Rory McKimball ha hecho trabajos para unos y para otros, pero no pertenece a ninguna familia y nadie querría tenerlo en nómina: está demasiado “sonado”. Es un tipo peligroso, de los que pierden la cabeza y enloquecen en cuanto ven sangre. Recordar que Patrick O´Callahan podría ayudarles en esta parte de la investigación.

3. El vecindario (si los PJ han localizado el edificio donde vive)

Si los PJ han localizado el edifio donde vive Rory, observarán que la gente es muy pobre, en su mayoría inmigrantes que apenas hablan inglés, en perpetuo temor al Departamento de Inmigración y a las presiones de los gángsters. Los PJ tendrán que emplear todo su tacto, pero los resultados merecen la pena:

-McKimball se reúne con otros -de seis a diez personas- en su departamento (2º piso del 230 de Rowan Rd.). A veces bajan al sótano y pasan allí horas. Se llevan bultos y velas y dejan el suelo lleno de garabatos muy raros.

-McKimball vive con una mujer que nunca sale a la calle, pero a veces se la oye llorar y sollozar en algún idioma extranjero.

-(si se pasa una tirada de Suerte) Hace no mucho la mujer debió dar a luz, porque vino una partera (ilocalizable) y se escuchó el llanto de un bebé.

-(Si se obtiene la información anterior) Después de eso debieron tener una pelea ella y su marido -o lo que sea-, se escucharon golpes y, más tarde, McKimball se marchó y no regreso hasta muy de madrugada, más borracho que una cuba (fue a echar el cadáver de la niña al fondo del río). Después ya no se ha escuchado al bebé: a lo mejor lo han abandonado en un orfelinato.

-(Con otra tirada de Suerte) Un testigo declara haber visto como Rory molía a palos y patadas a un cura y luego se lo llevaba en su coche (abandonó al Padre O’Callahan en un callejón a varias manzanas de aquí). Será muy difícil convencerlo de que testifique porque tiene mucho miedo a Rory y a sus amigos.

Con todo esto, los PJ disponen de suficientes evidencias para sospechar que algo huele muy mal en todo esto. Dependiendo de sus planes y el tiempo empleado en reunir los datos anteriores, el Guardián puede optar por dos finales o una combinación de ambos.

Final A: La Ira de los Justos

Los PJ tienen varias opciones para enfrentarse a Rory y todo lo que han descubierto:

a) Contarle a Patrick O’Callahan quién atacó a su hermano. Este les dará las gracias y enviará a varios de “sus muchachos” a por Rory. En el enfrentamiento consiguiente Rory habrá de ser abatido a tiros. O’Callahan no emprenderá ninguna otra acción.

b) Contar a la Policía lo que saben. Esto apenas producirá resultados por falta de pruebas materiales.

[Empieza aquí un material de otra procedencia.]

lemma checkerboard_covering:
  assumes "N > 0" "y \<in> unit_square"
  shows "\<exists>p \<in> checkerboard N. dist y p \<le> 1 / N \<and> (dist y p < 1 / N \<or> y \<in> lattice N)"
  using grid_covering_of_rounding[OF assms, where P = "\<lambda>a b. even (a + b)" and Q = "\<lambda>_ _. True" and c = 1]
    checkerboard_rounding[OF assms(1)]
  unfolding checkerboard_def lattice_def by simp

section \<open>Radii between consecutive levels\<close>

lemma checkerboard_subset_lattice: "checkerboard N \<subseteq> lattice N"
  unfolding checkerboard_def lattice_def by (rule grid_mono) simp

lemma even_grid_subset_checkerboard: "grid N (\<lambda>a b. even a \<and> even b) \<subseteq> checkerboard N"
  unfolding checkerboard_def by (rule grid_mono) simp

lemma odd_grid_subset_checkerboard: "grid N (\<lambda>a b. odd a \<and> odd b) \<subseteq> checkerboard N"
  unfolding checkerboard_def by (rule grid_mono) simp

lemma CR_between_checkerboard_lattice:
  assumes "N > 0" "checkerboard N \<subseteq> X" "X \<subseteq> lattice N" "X \<noteq> lattice N"
  shows "CR unit_square X = 1 / N"
proof (rule CR_eqI[OF _ assms(2,3) _ assms(4)])
  show "finite (lattice N)" "lattice N \<subseteq> unit_square"
    using assms(1) by (simp_all add: lattice_def finite_grid grid_subset_unit_square)
  show "checkerboard N \<noteq> {}"
    using grid_pointI[of 0 N 0 "\<lambda>a b. even (a + b)"] unfolding checkerboard_def by auto
  show "\<exists>a\<in>checkerboard N. dist y a \<le> 1 / N" if "y \<in> unit_square" for y
    using checkerboard_covering[OF assms(1) that] by blast
  show "1 / N \<le> dist p q" if "p \<in> lattice N - checkerboard N" "q \<in> lattice N" "q \<noteq> p" for p q
    using lattice_separated[OF assms(1)] that by auto
qed

lemma SR_between_checkerboard_lattice:
  assumes "N > 0" "checkerboard N \<subseteq> X" "X \<subseteq> lattice N" "X \<noteq> checkerboard N"
  shows "SR X = 1 / (2 * N)"
proof -
  obtain p where p: "p \<in> X" "p \<in> lattice N - checkerboard N" using assms(2-4) by blast
  obtain q where q: "q \<in> checkerboard N" "dist p q = 1 / N"
    using checkerboard_neighbour[OF assms(1) p(2)] by blast
  have "SR X = (1 / N) / 2"
  proof (rule SR_eqI[OF _ _ p(1) _ _ q(2)])
    show "finite X" using assms(3) finite_grid finite_subset unfolding lattice_def by blast
    show "1 / N \<le> dist a b" if "a \<in> X" "b \<in> X" "a \<noteq> b" for a b
      using lattice_separated[OF assms(1), of a b] that assms(3) by blast
  qed (use p q assms(2) in auto)
  then show ?thesis by simp
qed

lemma CR_between_even_grid_checkerboard:
  assumes "N > 0" "grid N (\<lambda>a b. even a \<and> even b) \<subseteq> X" "X \<subseteq> checkerboard N" "X \<noteq> checkerboard N"
  shows "CR unit_square X = sqrt 2 / N"
proof (rule CR_eqI[OF _ assms(2,3) _ assms(4)])
  show "finite (checkerboard N)" "checkerboard N \<subseteq> unit_square"
    using assms(1) by (simp_all add: checkerboard_def finite_grid grid_subset_unit_square)
  show "grid N (\<lambda>a b. even a \<and> even b) \<noteq> {}"
    using grid_pointI[of 0 N 0 "\<lambda>a b. even a \<and> even b"] by auto
  show "\<exists>a\<in>grid N (\<lambda>a b. even a \<and> even b). dist y a \<le> sqrt 2 / N" if "y \<in> unit_square" for y
    using parity_class_covering[OF assms(1) that, of True] by auto
  show "sqrt 2 / N \<le> dist p q"
    if "p \<in> checkerboard N - grid N (\<lambda>a b. even a \<and> even b)" "q \<in> checkerboard N" "q \<noteq> p" for p q
    using checkerboard_separated[OF assms(1)] that by auto
qed

lemma SR_between_even_grid_checkerboard:
  assumes "N > 0" "grid N (\<lambda>a b. even a \<and> even b) \<subseteq> X" "X \<subseteq> checkerboard N"
    "X \<noteq> grid N (\<lambda>a b. even a \<and> even b)"
  shows "SR X = sqrt 2 / (2 * N)"
proof -
  obtain p where p: "p \<in> X" "p \<in> checkerboard N - grid N (\<lambda>a b. even a \<and> even b)"
    using assms(2-4) by blast
  obtain q where q: "q \<in> grid N (\<lambda>a b. even a \<and> even b)" "dist p q = sqrt 2 / N"
    using even_grid_neighbour[OF assms(1) p(2)] by blast
  have "SR X = (sqrt 2 / N) / 2"
  proof (rule SR_eqI[OF _ _ p(1) _ _ q(2)])
    show "finite X" using assms(3) finite_grid finite_subset unfolding checkerboard_def by blast
    show "sqrt 2 / N \<le> dist a b" if "a \<in> X" "b \<in> X" "a \<noteq> b" for a b
      using checkerboard_separated[OF assms(1), of a b] that assms(3) by blast
  qed (use p q assms(2) in auto)
  then show ?thesis by simp
qed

c) Vigilar a Rory e intentar entrar en el apartamento y el sótano. Véase más abajo.

d) Intentar sorprender a Rory y apresarlo o neutralizarlo. Ver la nota al final.

e) Pillar a esos sucios sectarios con las manos en la masa, cuando se reúnen todos para alguno de sus ritos blasfemos (la opción más recomendable, por lo vistoso y entretenido de la misma).

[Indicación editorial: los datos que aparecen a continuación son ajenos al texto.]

text \<open>Any admissible policy leaves some PoI at age at least N - 1 once N - 1 slots have
  passed: ages below N - 1 for all N PoIs would require N distinct refreshes within the last
  N - 1 slots. Under selfish behaviour, a PoI that has not been refreshed for N slots
  witnesses, by pigeonhole, a PoI m refreshed twice in that window; the user who refreshed m
  the second time preferred m, so beta times the age gap is at most pmax - pmin. Hence after slot N all
  ages are at most N - 1 + (pmax - pmin) / beta, and the same bounds hold for the long-run
  average of the maximum age, both for the optimum and for the selfish system.\<close>

lemma sum_le_eventual_bound:
  fixes f :: "nat \<Rightarrow> real"
  assumes "\<And>t. t \<ge> K \<Longrightarrow> f t \<le> B"
  obtains C where "\<And>T. T \<ge> K \<Longrightarrow> (\<Sum>t<T. f t) \<le> real T * B + C"
proof
  fix T assume T: "T \<ge> K"
  have "(\<Sum>t<T. f t) \<le> (\<Sum>t<T. max (f t) B)" by (intro sum_mono) simp
  also have "\<dots> = real T * B + (\<Sum>t<T. max (f t) B - B)" by (simp add: sum_subtractf)
  also have "(\<Sum>t<T. max (f t) B - B) = (\<Sum>t<K. max (f t) B - B)"
    by (rule sum.mono_neutral_right) (use T assms in \<open>auto simp: max_def\<close>)
  finally show "(\<Sum>t<T. f t) \<le> real T * B + (\<Sum>t<K. max (f t) B - B)" .
qed
definition robot_step ::
  "(nat \<Rightarrow> nat) \<Rightarrow> (nat \<Rightarrow> nat \<Rightarrow> nat) \<Rightarrow> (nat \<Rightarrow> nat \<Rightarrow> nat) \<Rightarrow> (nat \<Rightarrow> bool) \<Rightarrow> ('s, 'r) robot
   \<Rightarrow> nat \<times> nat option \<times> 's \<Rightarrow> nat \<times> nat option \<times> 's" where
  "robot_step deg nbr back col T c = (case c of (v, e, s) \<Rightarrow>
     (case T s (deg v) (col v) e of
        (s', Move p) \<Rightarrow> (nbr v p, Some (back v p), s')
      | (s', Halt res) \<Rightarrow> (v, e, s)))"

text \<open>Configuration (position, entry port, memory) after i steps, starting at x with memory s0.\<close>
definition robot_conf ::
  "(nat \<Rightarrow> nat) \<Rightarrow> (nat \<Rightarrow> nat \<Rightarrow> nat) \<Rightarrow> (nat \<Rightarrow> nat \<Rightarrow> nat) \<Rightarrow> (nat \<Rightarrow> bool) \<Rightarrow> ('s, 'r) robot
   \<Rightarrow> 's \<Rightarrow> nat \<Rightarrow> nat \<Rightarrow> nat \<times> nat option \<times> 's" where
  "robot_conf deg nbr back col T s0 x i = (robot_step deg nbr back col T ^^ i) (x, None, s0)"

definition robot_exec ::
  "(nat \<Rightarrow> nat) \<Rightarrow> (nat \<Rightarrow> nat \<Rightarrow> nat) \<Rightarrow> (nat \<Rightarrow> nat \<Rightarrow> nat) \<Rightarrow> (nat \<Rightarrow> bool) \<Rightarrow> ('s, 'r) robot
   \<Rightarrow> 's \<Rightarrow> nat \<Rightarrow> nat \<Rightarrow> nat \<Rightarrow> 'r \<Rightarrow> bool" where
  "robot_exec deg nbr back col T s0 x n y res \<longleftrightarrow>
     (\<forall>i<n. case robot_conf deg nbr back col T s0 x i of (v, e, s) \<Rightarrow>
              \<exists>s' p. T s (deg v) (col v) e = (s', Move p) \<and> p < deg v) \<and>
     (case robot_conf deg nbr back col T s0 x n of (v, e, s) \<Rightarrow>
              (\<exists>s'. T s (deg v) (col v) e = (s', Halt res)) \<and> v = y)"

datatype answer = AnsA | AnsB

text \<open>Control modes: WF/WB = white local search, arrived at a new node / arrived back
at a parent; CF/CB = the same for the local search within radius d1-1 used to decide
whether a reported white node has white radius d1-1.\<close>
datatype mode = WF | WB | CF | CB

record rstate =
  rmode :: mode
  wstk :: "nat list"   \<comment> \<open>entry ports along the current white-local-search path (top first)\<close>
  cstk :: "nat list"   \<comment> \<open>entry ports along the current check-search path (top first)\<close>
  found :: bool        \<comment> \<open>some reported white node with white radius d1-1 found\<close>
  blk :: bool          \<comment> \<open>black node found in current check search\<close>

definition rinit :: rstate where
  "rinit = \<lparr>rmode = WF, wstk = [], cstk = [], found = False, blk = False\<rparr>"

text \<open>Bits of memory: a prefix-free encoding (2 bits mode, 2 flag bits, Elias-gamma-like
codes for the ports with a continuation bit each, and a terminator per list).\<close>
fun bitlen :: "nat \<Rightarrow> nat" where
  "bitlen n = (if n < 2 then 1 else Suc (bitlen (n div 2)))"

definition state_bits :: "rstate \<Rightarrow> nat" where
  "state_bits s = 6 + (\<Sum>p\<leftarrow>wstk s @ cstk s. 2 * bitlen p)"

definition next_port :: "nat \<Rightarrow> nat option \<Rightarrow> nat \<Rightarrow> nat option" where
  "next_port dg ip j =
     (if \<exists>q. j \<le> q \<and> q < dg \<and> ip \<noteq> Some q
      then Some (LEAST q. j \<le> q \<and> q < dg \<and> ip \<noteq> Some q) else None)"

definition top_port :: "nat list \<Rightarrow> nat option" where
  "top_port st = (case st of [] \<Rightarrow> None | e # _ \<Rightarrow> Some e)"

definition w_ret :: "rstate \<Rightarrow> rstate \<times> answer action" where
  "w_ret s = (case wstk s of
      [] \<Rightarrow> (s, Halt (if found s then AnsA else AnsB))
    | e # rest \<Rightarrow> (s\<lparr>wstk := rest, rmode := WB\<rparr>, Move e))"

definition w_try :: "rstate \<Rightarrow> nat \<Rightarrow> nat \<Rightarrow> rstate \<times> answer action" where
  "w_try s dg j = (case next_port dg (top_port (wstk s)) j of
      Some q \<Rightarrow> (s\<lparr>rmode := WF\<rparr>, Move q)
    | None \<Rightarrow> w_ret s)"

definition c_ret :: "rstate \<Rightarrow> rstate \<times> answer action" where
  "c_ret s = (case cstk s of
      [] \<Rightarrow> w_ret (s\<lparr>found := (found s \<or> \<not> blk s), blk := False\<rparr>)
    | e # rest \<Rightarrow> (s\<lparr>cstk := rest, rmode := CB\<rparr>, Move e))"

definition c_try :: "rstate \<Rightarrow> nat \<Rightarrow> nat \<Rightarrow> rstate \<times> answer action" where
  "c_try s dg j = (case next_port dg (top_port (cstk s)) j of
      Some q \<Rightarrow> (s\<lparr>rmode := CF\<rparr>, Move q)
    | None \<Rightarrow> c_ret s)"

definition c_node :: "nat \<Rightarrow> rstate \<Rightarrow> nat \<Rightarrow> bool \<Rightarrow> rstate \<times> answer action" where
  "c_node d1 s dg bl =
     (if bl then c_ret (s\<lparr>blk := True\<rparr>)
      else if length (cstk s) = d1 - 1 then c_ret s
      else c_try s dg 0)"

definition push :: "nat option \<Rightarrow> nat list \<Rightarrow> nat list" where
  "push e st = (case e of None \<Rightarrow> st | Some p \<Rightarrow> p # st)"

definition aob_robot :: "nat \<Rightarrow> (rstate, answer) robot" where
  "aob_robot d1 s dg bl e = (case rmode s of
      WF \<Rightarrow> (let s1 = s\<lparr>wstk := push e (wstk s)\<rparr>; k = length (wstk s1) in
              if k = d1 then
                (if bl then w_ret s1 else c_node d1 (s1\<lparr>cstk := [], blk := False\<rparr>) dg bl)
              else if bl \<and> k \<noteq> 0 then w_ret s1
              else w_try s1 dg 0)
    | WB \<Rightarrow> w_try s dg (case e of None \<Rightarrow> 0 | Some q \<Rightarrow> Suc q)
    | CF \<Rightarrow> c_node d1 (s\<lparr>cstk := push e (cstk s)\<rparr>) dg bl
    | CB \<Rightarrow> c_try s dg (case e of None \<Rightarrow> 0 | Some q \<Rightarrow> Suc q))"

end

(*
  The robot realises A_or_B as a depth-first white local search of depth d1 in which every
  reported white node runs a second local search of depth d1 - 1 looking for a black node.
  Both searches store only the stack of entry ports of the current path, at most d1 ports of
  O(log \<Delta>) bits each, and explore at most \<Delta>^d1 resp. \<Delta>^(d1-1) non-backtracking walks,
  which gives O(\<Delta>^(2 d1 - 1)) moves.

  For correctness let L = d(r, x). If x is in A, the 2 d1 - 1 distance layers just below L lie
  between the D layer and the A layer (as d2 \<ge> 2 d1) and are therefore white; following a
  geodesic towards r for d1 steps reaches a white node whose whole (d1 - 1)-ball is white.
  If x is in B, the layers L - d1, L and L + 1 are black, so a white walk of length d1 from x
  stays strictly between the layers L - d1 and L and ends within distance d1 - 1 of the black
  layer L - d1: no reported node has white radius d1 - 1.
*)

theory Submission
  imports Defs
begin

declare bitlen.simps[simp del]

section \<open>Walks and distances\<close>

lemma walk_end_append:
  "walk_end deg nbr u (ps @ qs) =
     (case walk_end deg nbr u ps of None \<Rightarrow> None | Some w \<Rightarrow> walk_end deg nbr w qs)"
  by (induction ps arbitrary: u) auto

locale connected_port_graph =
  fixes V :: "nat set" and deg :: "nat \<Rightarrow> nat" and nbr bk :: "nat \<Rightarrow> nat \<Rightarrow> nat"
  assumes port_graph: "port_graph V deg nbr bk" and connected: "connected_pg V deg nbr"
begin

El apartamento (pagado por von Steinbach) tiene 36 metros cuadrados y consta de vestíbulo, cocina-salón, dormitorio y cuarto de baño. No dispone de electricidad, gas, ni calefacción, pero sí de agua corriente. El cerrojo y la puerta no son nada del otro mundo.

Rory recibe aquí a sus correligionarios. Los fines de semana tienen reuniones que suelen acabar en el sótano (von Steinbach no acudirá a ninguna). Casi todas las tardes Rory sale a comprar comida y licor en algún tugurio clandestino, y a tomar el aire. En esas ocasiones el apartamento queda sin vigilancia (salvo que el Guardián decida dejar algún sectario de visita).

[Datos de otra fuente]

(* Let $M=\frac{1}{3^{2/3}-2}$. Let the open intervals $J_n^k\subset[0,M]$ ($n\ge 1$, $1\le k\le 2^{n-1}$) be constructed as follows: $J_1^1$ is the open interval of length $3^{-2/3}$ centered at the midpoint of $[0,M]$; for $n\ge 2$, the intervals $J_n^1,\dots,J_n^{2^{n-1}}$ are the open intervals of length $(3^{2/3})^{-n}$ centered at the midpoints of the $2^{n-1}$ connected components of $[0,M]\setminus(J_1\cup\dots\cup J_{n-1})$, where $J_m=\bigcup_{k=1}^{2^{m-1}}J_m^k$. Let $A=[0,M]\setminus\bigcup_{n\ge1}J_n$. Define $g:[0,M]\to\mathbb{R}$ by $g=0$ on $A$ and $g(x)=\frac{4}{\mathcal{L}(J_n^k)^{1/2}}\mathrm{dist}(x,\partial J_n^k)$ for $x\in J_n^k$, and define $f:[0,M]\to[0,1]$ by $f(x)=\int_0^x g(t)\,dt$. Let $C\subset[0,1]$ be the ternary Cantor set. Then: (1) $f$ is $C^1$; (2) $f'(x)=0$ if and only if $x\in A$; (3) $f(A)=C$.
   Context: $\mathcal{L}$ denotes Lebesgue measure (length); $\partial J$ is the set of endpoints of an interval $J$. The ternary Cantor set is $C=[0,1]\setminus\bigcup_{n\ge1}\bigcup_{k=1}^{2^{n-1}}I_n^k$, where the open intervals $I_n^k$ of length $3^{-n}$ are centered at the midpoints of the connected components of $[0,1]$ minus the previously removed intervals of stages $1,\dots,n-1$. *)

theory Defs
  imports "HOL-Analysis.Analysis"
begin

definition centered_int :: "real \<Rightarrow> real \<Rightarrow> real set" where
  "centered_int c l = {c - l/2 <..< c + l/2}"

primrec removed_upto :: "real \<Rightarrow> real \<Rightarrow> nat \<Rightarrow> real set set" where
  "removed_upto L r 0 = {}"
| "removed_upto L r (Suc n) = removed_upto L r n \<union>
     {centered_int ((Inf K + Sup K) / 2) (r powr (- real (Suc n))) | K.
        K \<in> components ({0..L} - \<Union>(removed_upto L r n))}"

definition removed_all :: "real \<Rightarrow> real \<Rightarrow> real set set" where
  "removed_all L r = (\<Union>n. removed_upto L r n)"

definition cantor_set :: "real set" where
  "cantor_set = {0..1} - \<Union>(removed_all 1 3)"

definition Mc :: real where
  "Mc = 1 / (3 powr (2/3) - 2)"

definition Jall :: "real set set" where
  "Jall = removed_all Mc (3 powr (2/3))"

definition Aset :: "real set" where
  "Aset = {0..Mc} - \<Union>Jall"

definition gfun :: "real \<Rightarrow> real" where
  "gfun x = (if x \<in> Aset then 0 else
     (let I = (THE I. I \<in> Jall \<and> x \<in> I) in
        4 / sqrt (measure lebesgue I) * infdist x (frontier I)))"

definition ffun :: "real \<Rightarrow> real" where
  "ffun x = integral {0..x} gfun"

end

theory Submission
  imports Defs
begin

(* For every ratio r > 2 the construction on [0, 1/(r-2)] is self-similar: the stage-n survivors
   are 2^n intervals of length r^-n/(r-2), indexed by binary addresses, and the same addresses
   index the survivors of the ternary Cantor set (r = 3).  For r = 3^(2/3), g is a tent of height
   2*3^(-m/3) on each interval J removed at stage m and vanishes on A, so g is continuous; its
   integral over J is |J|^(3/2) = 3^-m, the length of the Cantor interval removed at stage m.
   Hence the integral T_n of g over a stage-n survivor is the sum of the integrals over its two
   children plus 3^-(n+1); together with T_n = O(3^-n) this forces T_n = 3^-n.  So f maps the
   endpoints of survivors to those of the Cantor survivors, hence A into C, and each removed
   interval (on which f is strictly increasing) into the corresponding Cantor gap; the
   intermediate value theorem then gives f(A) = C. *)

lemma components_Union_closed_disjoint:
  fixes F :: "'a::topological_space set set"
  assumes fin: "finite F"
    and F: "\<And>C. C \<in> F \<Longrightarrow> closed C \<and> connected C \<and> C \<noteq> {}"
    and disj: "pairwise disjnt F"
  shows "components (\<Union>F) = F"
proof -
  have comp: "C \<in> components (\<Union>F)" if C: "C \<in> F" for C
    unfolding in_components_maximal
  proof (intro conjI allI impI)
    show "C \<noteq> {}" "connected C" using F[OF C] by auto
    show "C \<subseteq> \<Union>F" using C by blast
    fix D assume D: "D \<noteq> {} \<and> C \<subseteq> D \<and> D \<subseteq> \<Union>F \<and> connected D"
    have "closed (\<Union>(F - {C}))" using fin F by (intro closed_Union) auto
    moreover have "C \<inter> \<Union>(F - {C}) = {}"
      using disj C by (auto simp: pairwise_def disjnt_def)
    moreover have "D \<subseteq> C \<union> \<Union>(F - {C})" using D by blast
    ultimately have "C \<inter> D = {} \<or> \<Union>(F - {C}) \<inter> D = {}"
      using connected_closedD[of D C "\<Union>(F - {C})"] D F[OF C] by blast
    then show "D = C" using D F[OF C] by blast
  qed
  moreover have "K \<in> F" if K: "K \<in> components (\<Union>F)" for K
  proof -
    obtain x where "x \<in> K" using K in_components_nonempty by blast
    then obtain C where "C \<in> F" "x \<in> C" using K in_components_subset by blast
    then show ?thesis using components_eq[OF K comp] \<open>x \<in> K\<close> by blast
  qed
  ultimately show ?thesis by blast
qed

(* Each split at most doubles the number of terms, while the bound shrinks by the factor c > 2. *)
lemma split_decay_eq_0:
  fixes E :: "nat \<Rightarrow> 'a \<Rightarrow> real"
  assumes c: "2 < c"
    and decay: "\<And>n a. a \<in> S n \<Longrightarrow> \<bar>E n a\<bar> \<le> K / c ^ n"
    and split: "\<And>n a. a \<in> S n \<Longrightarrow>
      \<exists>b b'. b \<in> S (Suc n) \<and> b' \<in> S (Suc n) \<and> E n a = E (Suc n) b + E (Suc n) b'"
    and a: "a \<in> S n"
  shows "E n a = 0"
proof -
  have bound: "\<bar>E n a\<bar> \<le> K / c ^ n * (2 / c) ^ k" if "a \<in> S n" for k n a
    using that
  proof (induction k arbitrary: n a)
    case 0
    then show ?case using decay by simp
  next
    case (Suc k)
    obtain b b' where "b \<in> S (Suc n)" "b' \<in> S (Suc n)" "E n a = E (Suc n) b + E (Suc n) b'"
      using split[OF Suc.prems] by blast
    then have "\<bar>E n a\<bar> \<le> K / c ^ Suc n * (2 / c) ^ k + K / c ^ Suc n * (2 / c) ^ k"
      using Suc.IH[of b "Suc n"] Suc.IH[of b' "Suc n"] by linarith
    also have "\<dots> = K / c ^ n * (2 / c) ^ Suc k"
      using c by (simp add: field_simps)
    finally show ?case .
  qed
  have "(\<lambda>k. K / c ^ n * (2 / c) ^ k) \<longlonglongrightarrow> 0"
    using c by (intro tendsto_mult_right_zero LIMSEQ_power_zero) auto
  then have "\<bar>E n a\<bar> \<le> 0"
    using bound[OF a] by (intro LIMSEQ_le_const) auto
  then show ?thesis by simp
qed

lemma frontier_Ioo: "(p::real) < q \<Longrightarrow> frontier {p<..<q} = {p, q}"
  unfolding frontier_def by (auto simp: interior_open)

definition tent :: "real \<Rightarrow> real \<Rightarrow> real \<Rightarrow> real" where
  "tent p q x = 4 / sqrt (q - p) * min (x - p) (q - x)"

lemma tent_pos: "p < x \<Longrightarrow> x < q \<Longrightarrow> 0 < tent p q x"
  by (simp add: tent_def)

lemma tent_le: "tent p q x \<le> 2 * sqrt (q - p)" if "p < q"
proof -
  have "min (x - p) (q - x) \<le> (q - p) / 2" by (auto simp: min_def)
  then have "tent p q x \<le> 4 / sqrt (q - p) * ((q - p) / 2)"
    unfolding tent_def using that by (intro mult_left_mono) auto
  also have "\<dots> = 2 * sqrt (q - p)"
    using that by (simp add: field_simps real_div_sqrt)
  finally show ?thesis .
qed

lemma tent_le_dist:
  assumes "p < q" "y \<notin> {p<..<q}"
  shows "tent p q x \<le> 4 / sqrt (q - p) * \<bar>x - y\<bar>"
proof -
  have "min (x - p) (q - x) \<le> \<bar>x - y\<bar>" using assms(2) by auto
  then show ?thesis unfolding tent_def using assms(1) by (intro mult_left_mono) auto
qed

lemma has_integral_tent:
  assumes "p < q"
  shows "(tent p q has_integral (q - p) * sqrt (q - p)) {p..q}"
proof -
  define c where "c = 4 / sqrt (q - p)"
  define m where "m = (p + q) / 2"
  have pm: "p \<le> m" "m \<le> q" using assms by (auto simp: m_def)
  have left: "((\<lambda>x. c * (x - p)) has_integral c * (m - p)^2 / 2) {p..m}"
  proof -
    have "((\<lambda>x. c * (x - p)^2 / 2) has_real_derivative c * (x - p)) (at x within {p..m})" for x
      by (auto intro!: derivative_eq_intros simp: power2_eq_square field_simps)
    then have "((\<lambda>x. c * (x - p)) has_integral c * (m - p)^2 / 2 - c * (p - p)^2 / 2) {p..m}"
      by (intro fundamental_theorem_of_calculus[OF pm(1)])
        (simp add: has_real_derivative_iff_has_vector_derivative)
    then show ?thesis by simp
  qed
  have right: "((\<lambda>x. c * (q - x)) has_integral c * (q - m)^2 / 2) {m..q}"
  proof -
    have "((\<lambda>x. - c * (q - x)^2 / 2) has_real_derivative c * (q - x)) (at x within {m..q})" for x
      by (auto intro!: derivative_eq_intros simp: power2_eq_square field_simps)
    then have "((\<lambda>x. c * (q - x)) has_integral - c * (q - q)^2 / 2 - - c * (q - m)^2 / 2) {m..q}"
      by (intro fundamental_theorem_of_calculus[OF pm(2)])
        (simp add: has_real_derivative_iff_has_vector_derivative)
    then show ?thesis by simp
  qed
  have "(tent p q has_integral c * (m - p)^2 / 2) {p..m}"
    by (rule has_integral_eq[OF _ left]) (auto simp: tent_def c_def m_def min_def)
  moreover have "(tent p q has_integral c * (q - m)^2 / 2) {m..q}"
    by (rule has_integral_eq[OF _ right]) (auto simp: tent_def c_def m_def min_def)
  ultimately have "(tent p q has_integral c * (m - p)^2 / 2 + c * (q - m)^2 / 2) {p..q}"
    by (rule has_integral_combine[OF pm])
  moreover have "c * (m - p)^2 / 2 + c * (q - m)^2 / 2 = (q - p) * ((q - p) / sqrt (q - p))"
    using assms by (simp add: c_def m_def power2_eq_square field_simps)
  moreover have "(q - p) / sqrt (q - p) = sqrt (q - p)"
    using assms by (simp add: real_div_sqrt)
  ultimately show ?thesis by simp
qed

(* With total length 1/(r-2), removing the central interval of length r^-(n+1) from a stage-n
   survivor of length len n leaves two survivors of length len (Suc n) (len_split).  The
   stage-n survivor with address w is {left_end n w..left_end n w + len n}, where w i says
   whether the right part was kept at step i; gap n a is the interval removed at stage n + 1
   from the survivor starting at a. *)
locale self_similar_cantor =
  fixes r :: real
  assumes ratio_gt_2: "2 < r"
begin

definition total :: real where "total = 1 / (r - 2)"

definition len :: "nat \<Rightarrow> real" where "len n = total / r ^ n"

definition shift :: "nat \<Rightarrow> real" where "shift n = len n - len (Suc n)"

definition left_end :: "nat \<Rightarrow> (nat \<Rightarrow> bool) \<Rightarrow> real" where
  "left_end n w = (\<Sum>i<n. if w i then shift i else 0)"

definition left_ends :: "nat \<Rightarrow> real set" where "left_ends n = range (left_end n)"

definition survivors :: "nat \<Rightarrow> real set" where
  "survivors n = (\<Union>a\<in>left_ends n. {a..a + len n})"

definition gap :: "nat \<Rightarrow> real \<Rightarrow> real set" where
  "gap n a = {a + len (Suc n)<..<a + shift n}"

lemma total_pos: "0 < total"
  using ratio_gt_2 by (simp add: total_def)

lemma len_pos: "0 < len n"
  using total_pos ratio_gt_2 by (simp add: len_def)

lemma len_0: "len 0 = total"
  by (simp add: len_def)

lemma len_split: "len n = 2 * len (Suc n) + 1 / r ^ Suc n"
proof -
  have "total * r = 2 * total + 1"
    using ratio_gt_2 by (simp add: total_def field_simps)
  then show ?thesis
    using ratio_gt_2 by (simp add: len_def field_simps)
qed

lemma shift_eq: "shift n = len (Suc n) + 1 / r ^ Suc n"
  using len_split[of n] by (simp add: shift_def)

En un armario del comedor están guardadas las velas, las túnicas y la tiza que se emplean en las ceremonias. Contiene también una escopeta del .12, una daga antigua y las ropas de Rory, que duerme en el sofá-cama.

Alice permanece inmovilizada por correas encima de la cama del dormitorio. No está amordazada, pero, desde la paliza, Rory no se ha molestado en ayudarle a mudarse o limpiarse, y von Steinbach no ha venido, por lo que la higiene es repugnante. La joven ni siquiera está amordazada. Liberada de sus correas, adoptará una posición fetal y será incapaz de hacer nada. Una tirada de Descubrir o una búsqueda cuidadosa hallarán lo que parece el borrador de unas letanías debajo del cajón de la mesilla. Lo ha escrito alguien con manos torpes, como una especie de apuntes o recordatorio (es parte de la invocación que McKimball ha de dirigir). Ver a Alice y lo que ha debido de sufrir implica una tirada de COR 1/1D3. Las ventanas del dormitorio están bloqueadas por un armario con ropa y por tablones clavados a la pared.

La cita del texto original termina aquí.